- **AIM OF THE TASK**
Repeat exactly the lines below that lie between the line with "theory Defs" and the line with "f A \<longleftrightarrow>", counting both of those lines as part of the answer.

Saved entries

(* For every positive integer $n$, there exists a semigroup $S$ with a left ideal $A$ such that $\mathrm{H}_{\mathcal{R}}(S)=n$ and $\mathrm{H}_{\mathcal{R}}(A)=2n$.
   Context: A left ideal of $S$ is a non-empty subset $A$ with $SA\subseteq A$. Green's preorder on a semigroup $M$: $u\leq_{\mathcal{R}} v$ iff $uM^1\subseteq vM^1$, where $M^1$ is $M$ with an identity adjoined if necessary; $\mathcal{R}$ is the associated equivalence; the $\mathcal{R}$-height $\mathrm{H}_{\mathcal{R}}(M)$ is the supremum of the cardinalities of chains in the poset of $\mathcal{R}$-classes. $\mathrm{H}_{\mathcal{R}}(A)$ is computed in $A$ as a semigroup. *)

theory Defs
  imports Main "HOL-Library.Extended_Nat"
begin

definition semigroup_on :: "'a set \<Rightarrow> ('a \<Rightarrow> 'a \<Rightarrow> 'a) \<Rightarrow> bool" where
  "semigroup_on M f \<longleftrightarrow>
     (\<forall>x\<in>M. \<forall>y\<in>M. f x y \<in> M) \<and>
     (\<forall>x\<in>M. \<forall>y\<in>M. \<forall>z\<in>M. f (f x y) z = f x (f y z))"

definition left_ideal :: "'a set \<Rightarrow> ('a \<Rightarrow> 'a \<Rightarrow> 'a) \<Rightarrow> 'a set \<Rightarrow> bool" where
  "left_ideal S f A \<longleftrightarrow> A \<noteq> {} \<and> A \<subseteq> S \<and> (\<forall>s\<in>S. \<forall>a\<in>A. f s a \<in> A)"

definition right_principal :: "'a set \<Rightarrow> ('a \<Rightarrow> 'a \<Rightarrow> 'a) \<Rightarrow> 'a \<Rightarrow> 'a set" where
  "right_principal M f u = insert u (f u ` M)"

definition R_le :: "'a set \<Rightarrow> ('a \<Rightarrow> 'a \<Rightarrow> 'a) \<Rightarrow> 'a \<Rightarrow> 'a \<Rightarrow> bool" where
  "R_le M f u v \<longleftrightarrow> u \<in> M \<and> v \<in> M \<and> right_principal M f u \<subseteq> right_principal M f v"

definition R_class :: "'a set \<Rightarrow> ('a \<Rightarrow> 'a \<Rightarrow> 'a) \<Rightarrow> 'a \<Rightarrow> 'a set" where
  "R_class M f u = {v \<in> M. R_le M f u v \<and> R_le M f v u}"

definition R_classes :: "'a set \<Rightarrow> ('a \<Rightarrow> 'a \<Rightarrow> 'a) \<Rightarrow> 'a set set" where
  "R_classes M f = R_class M f ` M"

definition R_class_le :: "'a set \<Rightarrow> ('a \<Rightarrow> 'a \<Rightarrow> 'a) \<Rightarrow> 'a set \<Rightarrow> 'a set \<Rightarrow> bool" where
  "R_class_le M f X Y \<longleftrightarrow> (\<exists>u\<in>X. \<exists>v\<in>Y. R_le M f u v)"

definition R_chain :: "'a set \<Rightarrow> ('a \<Rightarrow> 'a \<Rightarrow> 'a) \<Rightarrow> 'a set set \<Rightarrow> bool" where
  "R_chain M f K \<longleftrightarrow> K \<subseteq> R_classes M f \<and>
     (\<forall>X\<in>K. \<forall>Y\<in>K. R_class_le M f X Y \<or> R_class_le M f Y X)"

- **WRITTEN REPLY**
theory Defs
  imports Main "HOL-Library.Extended_Nat"
begin

definition semigroup_on :: "'a set \<Rightarrow> ('a \<Rightarrow> 'a \<Rightarrow> 'a) \<Rightarrow> bool" where
  "semigroup_on M f \<longleftrightarrow>
     (\<forall>x\<in>M. \<forall>y\<in>M. f x y \<in> M) \<and>
     (\<forall>x\<in>M. \<forall>y\<in>M. \<forall>z\<in>M. f (f x y) z = f x (f y z))"

definition left_ideal :: "'a set \<Rightarrow> ('a \<Rightarrow> 'a \<Rightarrow> 'a) \<Rightarrow> 'a set \<Rightarrow> bool" where
  "left_ideal S f A \<longleftrightarrow> A \<noteq> {} \<and> A \<subseteq> S \<and> (\<forall>s\<in>S. \<forall>a\<in>A. f s a \<in> A)"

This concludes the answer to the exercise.